Exercise instructions | Of all the lines below, output only those starting at the one with "using shape_weights by" and ending at the one with "J \<Longrightarrow> card", both ends included, exactly as written.

Records from a data collection:
*** Block opens ***

lemma emeasure_BGEPS_measure_atMost:
  "emeasure BGEPS_measure {..(x1, x2)} = ennreal (BGEPS_cdf a \<alpha>1 \<alpha>2 \<alpha>3 lam \<theta> x1 x2)"
proof -
  define m where "m = min x1 x2"
  define G where "G = C (\<theta> * F_GE m (\<alpha>1 + \<alpha>2 + \<alpha>3) lam)"
  define U where "U = C (\<theta> * (F_GE m (\<alpha>1 + \<alpha>3) lam * F_GE x2 \<alpha>2 lam))"
  define L where "L = C (\<theta> * (F_GE m (\<alpha>2 + \<alpha>3) lam * F_GE x1 \<alpha>1 lam))"
  define w1 w2 w3 where "w1 = (\<alpha>1 + \<alpha>3) / (\<alpha>1 + \<alpha>2 + \<alpha>3)"
    and "w2 = (\<alpha>2 + \<alpha>3) / (\<alpha>1 + \<alpha>2 + \<alpha>3)" and "w3 = \<alpha>3 / (\<alpha>1 + \<alpha>2 + \<alpha>3)"
  note upper = emeasure_upper_atMost[of x1 x2, folded m_def, folded U_def G_def w1_def]
  note lower = emeasure_lower_atMost[of x1 x2, folded m_def, folded L_def G_def w2_def]
  have "0 \<le> G"
    unfolding G_def using shape_pos
    by (intro powser_scaled_nonneg F_GE_nonneg F_GE_less_1 lam_pos) simp
  then have "0 \<le> w3 * G / C \<theta>"
    using shape_pos C_theta_pos by (simp add: w3_def)
  then have "emeasure BGEPS_measure {..(x1, x2)} = ennreal ((U - w1 * G) / C \<theta> + (L - w2 * G) / C \<theta> + w3 * G / C \<theta>)"
    using upper lower emeasure_diag_atMost[of x1 x2, folded m_def, folded G_def w3_def] C_theta_pos
    by (simp add: emeasure_BGEPS_measure ennreal_plus)
  also have "(U - w1 * G) / C \<theta> + (L - w2 * G) / C \<theta> + w3 * G / C \<theta> = (U + L - (w1 + w2 - w3) * G) / C \<theta>"
    by (simp add: add_divide_distrib[symmetric] diff_divide_distrib[symmetric] algebra_simps)
  also have "w1 + w2 - w3 = 1"
    using shape_weights by (simp add: w1_def w2_def w3_def)
  also have "(U + L - 1 * G) / C \<theta> = BGEPS_cdf a \<alpha>1 \<alpha>2 \<alpha>3 lam \<theta> x1 x2"
  proof (cases "x1 \<le> x2")
    case True
    then have "L = G"
      using F_GE_mult[OF lam_pos, of x1 "\<alpha>2 + \<alpha>3" \<alpha>1] by (simp add: L_def G_def m_def add_ac)
    then show ?thesis
      using True by (simp add: BGEPS_cdf_def PS_C_eq_C U_def m_def mult.assoc)
  next
    case False
    then have "U = G"
      using F_GE_mult[OF lam_pos, of x2 "\<alpha>1 + \<alpha>3" \<alpha>2] by (simp add: U_def G_def m_def add_ac)
    then show ?thesis
      using False by (simp add: BGEPS_cdf_def PS_C_eq_C L_def m_def ac_simps)
  qed
  finally show ?thesis .
qed

lemma distr_eq_BGEPS_measure:
  assumes "prob_space M" and Y: "Y \<in> borel_measurable M"
    and cdf: "\<And>y1 y2. measure M {\<omega> \<in> space M. fst (Y \<omega>) \<le> y1 \<and> snd (Y \<omega>) \<le> y2}
      = BGEPS_cdf a \<alpha>1 \<alpha>2 \<alpha>3 lam \<theta> y1 y2"
  shows "distr M borel Y = BGEPS_measure"
proof (rule measure_eqI_atMost_real_pair)
  interpret prob_space M by fact
  fix x :: "real \<times> real"
  show "emeasure (distr M borel Y) {..x} \<noteq> \<infinity>"
    using Y by (simp add: emeasure_distr emeasure_eq_measure)
  have "Y -` {..x} \<inter> space M = {\<omega> \<in> space M. fst (Y \<omega>) \<le> fst x \<and> snd (Y \<omega>) \<le> snd x}"
    by (auto simp: less_eq_prod_def)
  then show "emeasure (distr M borel Y) {..x} = emeasure BGEPS_measure {..x}"
    using Y cdf emeasure_BGEPS_measure_atMost[of "fst x" "snd x"]
    by (simp add: emeasure_distr emeasure_eq_measure)
qed simp_all

lemma BGEPS_f1_eq: "BGEPS_f1 a \<alpha>1 \<alpha>2 \<alpha>3 lam \<theta> y1 y2 = mixed_density (\<alpha>1 + \<alpha>3) \<alpha>2 y1 y2 / C \<theta>"
proof -
  have "\<bar>\<theta> * (F_GE y1 (\<alpha>1 + \<alpha>3) lam * F_GE y2 \<alpha>2 lam)\<bar> < \<theta>"
    using shape_pos by (intro scaled_in_radius F_GE_mult_less_1 lam_pos) (simp_all add: F_GE_nonneg)
  then show ?thesis
    by (simp add: BGEPS_f1_def mixed_density_def Let_def PS_C_eq_C deriv_powser deriv_deriv_powser)
qed
lemma card_avoid_two: "j \<le> J \<Longrightarrow> card (avoid_two j J) \<le> 3 ^ j * 2 ^ (J - j)"
proof (induction J rule: dec_induct)
  case base
  have "card (avoid_two j j) \<le> card {..<(3::nat) ^ j}"
    by (rule card_mono) (auto simp: avoid_two_def)
  then show ?case by simp
next
  case (step J)
  have "avoid_two j (Suc J) \<subseteq> (\<lambda>(t, q). t * 3 ^ J + q) ` ({0, 1} \<times> avoid_two j J)"
  proof
    fix p assume p: "p \<in> avoid_two j (Suc J)"
    define t where "t = p div 3 ^ J"
    define q where "q = p mod 3 ^ J"
    have p_eq: "p = t * 3 ^ J + q" using div_mult_mod_eq[of p "3 ^ J"] by (simp add: t_def q_def)
    have "t < 3" using p by (auto simp: avoid_two_def t_def less_mult_imp_div_less)
    moreover have "q < 3 ^ J" by (simp add: q_def)
    ultimately have top: "top_two p = (if t = 2 then Some J else top_two q)"
      using top_two_leading_digit p_eq by simp
    then have "t \<noteq> 2" using p step.hyps by (auto simp: avoid_two_def)
    then have "(t, q) \<in> {0, 1} \<times> avoid_two j J"
      using p top \<open>t < 3\<close> \<open>q < 3 ^ J\<close> by (auto simp: avoid_two_def)
    then show "p \<in> (\<lambda>(t, q). t * 3 ^ J + q) ` ({0, 1} \<times> avoid_two j J)"
      using p_eq by force
  qed
  then have "card (avoid_two j (Suc J)) \<le> card ({0::nat, 1} \<times> avoid_two j J)"
    by (rule surj_card_le[rotated]) auto
  also have "\<dots> = 2 * card (avoid_two j J)" by (simp add: card_cartesian_product)
  also have "\<dots> \<le> 3 ^ j * 2 ^ (Suc J - j)" using step by (simp add: Suc_diff_le)
  finally show ?case .
qed

lemma div_add_le: "(b::nat) > 0 \<Longrightarrow> (x + y) div b \<le> x div b + y div b + 1"
proof -
  assume b: "b > 0"
  have "x mod b + y mod b < 2 * b" using b by (simp add: mult_2 add_strict_mono)
  then have "(x mod b + y mod b) div b < 2" by (rule less_mult_imp_div_less)
  then show ?thesis by (simp add: div_add1_eq[of x y])
qed
lemma has_double_pole_part_mono:
  "F' \<le> F \<Longrightarrow> has_double_pole_part f A B F \<Longrightarrow> has_double_pole_part f A B F'"
  unfolding has_double_pole_part_def by (rule tendsto_mono)

lemma has_double_pole_part_bounded_remainder:
  assumes "F \<le> at 0" "eventually (\<lambda>\<epsilon>. norm (f \<epsilon> - A / \<epsilon>\<^sup>2 - B / \<epsilon>) \<le> C) F"
  shows "has_double_pole_part f A B F"
  unfolding has_double_pole_part_def
proof (rule Lim_null_comparison)
  show "eventually (\<lambda>\<epsilon>. norm (\<epsilon> * (f \<epsilon> - A / \<epsilon>\<^sup>2 - B / \<epsilon>)) \<le> norm \<epsilon> * C) F"
    using assms(2) by eventually_elim (simp add: norm_mult mult_left_mono)
  have "((\<lambda>\<epsilon>. norm \<epsilon> * C) \<longlongrightarrow> norm (0::complex) * C) F"
    by (intro tendsto_intros tendsto_ident_le_at assms(1))
  then show "((\<lambda>\<epsilon>. norm \<epsilon> * C) \<longlongrightarrow> 0) F"
    by simp
qed

lemma has_double_pole_part_scale:
  assumes "c \<noteq> 0" "has_double_pole_part f A B (at 0)"
  shows "has_double_pole_part (\<lambda>\<epsilon>. f (c * \<epsilon>)) (A / c\<^sup>2) (B / c) (at 0)"
proof -
  have "filterlim (\<lambda>\<epsilon>. c * \<epsilon>) (at 0) (at 0)"
  proof (rule filterlim_atI)
    show "((\<lambda>\<epsilon>. c * \<epsilon>) \<longlongrightarrow> 0) (at 0)"
      using tendsto_mult_right_zero[OF tendsto_ident_at] .
    show "eventually (\<lambda>\<epsilon>. c * \<epsilon> \<noteq> 0) (at 0)"
      using assms(1) by (simp add: eventually_at_filter)
  qed
  from filterlim_compose[OF assms(2)[unfolded has_double_pole_part_def] this]
  have "((\<lambda>\<epsilon>. (c * \<epsilon>) * (f (c * \<epsilon>) - A / (c * \<epsilon>)\<^sup>2 - B / (c * \<epsilon>)) / c) \<longlongrightarrow> 0 / c) (at 0)"
    by (intro tendsto_divide) (simp_all add: assms(1))
  also have "(\<lambda>\<epsilon>. (c * \<epsilon>) * (f (c * \<epsilon>) - A / (c * \<epsilon>)\<^sup>2 - B / (c * \<epsilon>)) / c) =
             (\<lambda>\<epsilon>. \<epsilon> * (f (c * \<epsilon>) - A / c\<^sup>2 / \<epsilon>\<^sup>2 - B / c / \<epsilon>))"
  proof
    fix \<epsilon> :: complex
    show "(c * \<epsilon>) * (f (c * \<epsilon>) - A / (c * \<epsilon>)\<^sup>2 - B / (c * \<epsilon>)) / c =
          \<epsilon> * (f (c * \<epsilon>) - A / c\<^sup>2 / \<epsilon>\<^sup>2 - B / c / \<epsilon>)"
      using assms(1) by (cases "\<epsilon> = 0") (simp_all add: field_simps power_mult_distrib)
  qed
  finally show ?thesis
    unfolding has_double_pole_part_def by simp
qed

lemma has_double_pole_part_mult:
  assumes u: "(u has_field_derivative V) (at 0)" and F: "F \<le> at 0"
    and f: "has_double_pole_part f A B F"
  shows "has_double_pole_part (\<lambda>\<epsilon>. u \<epsilon> * f \<epsilon>) (u 0 * A) (u 0 * B + V * A) F"
proof -
  define r where "r \<epsilon> = (u \<epsilon> - u 0) / \<epsilon> - V" for \<epsilon>
  define R where "R \<epsilon> = \<epsilon> * (f \<epsilon> - A / \<epsilon>\<^sup>2 - B / \<epsilon>)" for \<epsilon>
  have "((\<lambda>\<epsilon>. (u \<epsilon> - u 0) / (\<epsilon> - 0) - V) \<longlongrightarrow> V - V) (at 0)"
    using u unfolding has_field_derivative_iff by (intro tendsto_diff) auto
  then have r_lim: "(r \<longlongrightarrow> 0) F"
    using F tendsto_mono unfolding r_def by fastforce
  have R_lim: "(R \<longlongrightarrow> 0) F"
    using f unfolding has_double_pole_part_def R_def .
  \<comment> \<open>Expand \<open>u \<epsilon> = u 0 + \<epsilon> (V + r \<epsilon>)\<close> and \<open>f \<epsilon> = A/\<epsilon>\<^sup>2 + B/\<epsilon> + R \<epsilon> / \<epsilon>\<close>.\<close>
  have "((\<lambda>\<epsilon>. u 0 * R \<epsilon> + r \<epsilon> * A + \<epsilon> * (V + r \<epsilon>) * (B + R \<epsilon>)) \<longlongrightarrow>
          u 0 * 0 + 0 * A + 0 * (V + 0) * (B + 0)) F"
    by (intro tendsto_intros r_lim R_lim tendsto_ident_le_at F)
  moreover have "eventually (\<lambda>\<epsilon>. u 0 * R \<epsilon> + r \<epsilon> * A + \<epsilon> * (V + r \<epsilon>) * (B + R \<epsilon>) =
      \<epsilon> * (u \<epsilon> * f \<epsilon> - u 0 * A / \<epsilon>\<^sup>2 - (u 0 * B + V * A) / \<epsilon>)) F"
    using eventually_nonzero_le_at_0[OF F]
    by eventually_elim (simp add: r_def R_def field_simps power2_eq_square)
  ultimately show ?thesis
    unfolding has_double_pole_part_def by (simp add: Lim_transform_eventually)
qed

lemma at_within_Compl_countable_neq_bot:
  fixes x :: "'a::euclidean_space"
  assumes "countable B"
  shows "at x within - B \<noteq> bot"
proof -
  have "x islimpt - B"
    unfolding islimpt_approachable
  proof (intro allI impI)
    fix r :: real
    assume "r > 0"
    then obtain y where "y \<in> ball x r" "y \<notin> B \<union> {x}"
      using ball_minus_countable_nonempty[of "B \<union> {x}" r x] assms by blast
    then show "\<exists>y\<in>- B. y \<noteq> x \<and> dist y x < r"
      by (auto simp: dist_commute)
  qed
  then show ?thesis
    using trivial_limit_within by blast
qed

lemma ee_add: "ee (x + y) = ee x * ee y"
  unfolding ee_def by (simp add: distrib_left exp_add)

lemma ee_quadratic_has_field_derivative_at_0:
  "((\<lambda>\<epsilon>. ee (x * \<epsilon> + y * \<epsilon>\<^sup>2)) has_field_derivative 2 * of_real pi * \<i> * x) (at 0)"
  unfolding ee_def by (rule derivative_eq_intros refl | simp)+

lemma cfac_nonzero:
  assumes "a * d - b * c = 1" "\<tau> \<in> upper_half_plane"
  shows "cfac (a, b, c, d) \<tau> \<noteq> 0"
proof
  assume zero: "cfac (a, b, c, d) \<tau> = 0"
  then have "of_int c * Im \<tau> = 0" "of_int c * Re \<tau> + of_int d = 0"
    by (simp_all add: cfac_def complex_eq_iff)
  then have "c = 0" "d = 0"
    using assms(2) by (auto simp: upper_half_plane_def)
  with assms(1) show False by simp
qed

lemma Im_moebius:
  assumes "a * d - b * c = 1"
  shows "Im (moebius (a, b, c, d) \<tau>) = Im \<tau> / (cmod (cfac (a, b, c, d) \<tau>))\<^sup>2"
proof -
  have "Im (of_int a * \<tau> + of_int b) * Re (of_int c * \<tau> + of_int d)
        - Re (of_int a * \<tau> + of_int b) * Im (of_int c * \<tau> + of_int d)
        = of_int (a * d - b * c) * Im \<tau>"
    by (simp add: algebra_simps)
  then show ?thesis
    using assms by (simp add: moebius_def cfac_def Im_divide')
qed

lemma moebius_in_upper_half_plane:
  assumes "a * d - b * c = 1" "\<tau> \<in> upper_half_plane"
  shows "moebius (a, b, c, d) \<tau> \<in> upper_half_plane"
  using assms cfac_nonzero[OF assms]
  by (simp add: upper_half_plane_def Im_moebius)

lemma zpt_ract:
  assumes "cfac (a, b, c, d) \<tau> \<noteq> 0"
  shows "zpt (ract s (a, b, c, d)) \<tau> = cfac (a, b, c, d) \<tau> * zpt s (moebius (a, b, c, d) \<tau>)"
  using assms
  by (simp add: zpt_def ract_def cfac_def moebius_def of_rat_add of_rat_mult field_simps)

*** Block closes ***

Response for this exercise |
    using shape_weights by (simp add: w1_def w2_def w3_def)
  also have "(U + L - 1 * G) / C \<theta> = BGEPS_cdf a \<alpha>1 \<alpha>2 \<alpha>3 lam \<theta> x1 x2"
  proof (cases "x1 \<le> x2")
    case True
    then have "L = G"
      using F_GE_mult[OF lam_pos, of x1 "\<alpha>2 + \<alpha>3" \<alpha>1] by (simp add: L_def G_def m_def add_ac)
    then show ?thesis
      using True by (simp add: BGEPS_cdf_def PS_C_eq_C U_def m_def mult.assoc)
  next
    case False
    then have "U = G"
      using F_GE_mult[OF lam_pos, of x2 "\<alpha>1 + \<alpha>3" \<alpha>2] by (simp add: U_def G_def m_def add_ac)
    then show ?thesis
      using False by (simp add: BGEPS_cdf_def PS_C_eq_C L_def m_def ac_simps)
  qed
  finally show ?thesis .
qed

lemma distr_eq_BGEPS_measure:
  assumes "prob_space M" and Y: "Y \<in> borel_measurable M"
    and cdf: "\<And>y1 y2. measure M {\<omega> \<in> space M. fst (Y \<omega>) \<le> y1 \<and> snd (Y \<omega>) \<le> y2}
      = BGEPS_cdf a \<alpha>1 \<alpha>2 \<alpha>3 lam \<theta> y1 y2"
  shows "distr M borel Y = BGEPS_measure"
proof (rule measure_eqI_atMost_real_pair)
  interpret prob_space M by fact
  fix x :: "real \<times> real"
  show "emeasure (distr M borel Y) {..x} \<noteq> \<infinity>"
    using Y by (simp add: emeasure_distr emeasure_eq_measure)
  have "Y -` {..x} \<inter> space M = {\<omega> \<in> space M. fst (Y \<omega>) \<le> fst x \<and> snd (Y \<omega>) \<le> snd x}"
    by (auto simp: less_eq_prod_def)
  then show "emeasure (distr M borel Y) {..x} = emeasure BGEPS_measure {..x}"
    using Y cdf emeasure_BGEPS_measure_atMost[of "fst x" "snd x"]
    by (simp add: emeasure_distr emeasure_eq_measure)
qed simp_all

lemma BGEPS_f1_eq: "BGEPS_f1 a \<alpha>1 \<alpha>2 \<alpha>3 lam \<theta> y1 y2 = mixed_density (\<alpha>1 + \<alpha>3) \<alpha>2 y1 y2 / C \<theta>"
proof -
  have "\<bar>\<theta> * (F_GE y1 (\<alpha>1 + \<alpha>3) lam * F_GE y2 \<alpha>2 lam)\<bar> < \<theta>"
    using shape_pos by (intro scaled_in_radius F_GE_mult_less_1 lam_pos) (simp_all add: F_GE_nonneg)
  then show ?thesis
    by (simp add: BGEPS_f1_def mixed_density_def Let_def PS_C_eq_C deriv_powser deriv_deriv_powser)
qed
lemma card_avoid_two: "j \<le> J \<Longrightarrow> card (avoid_two j J) \<le> 3 ^ j * 2 ^ (J - j)"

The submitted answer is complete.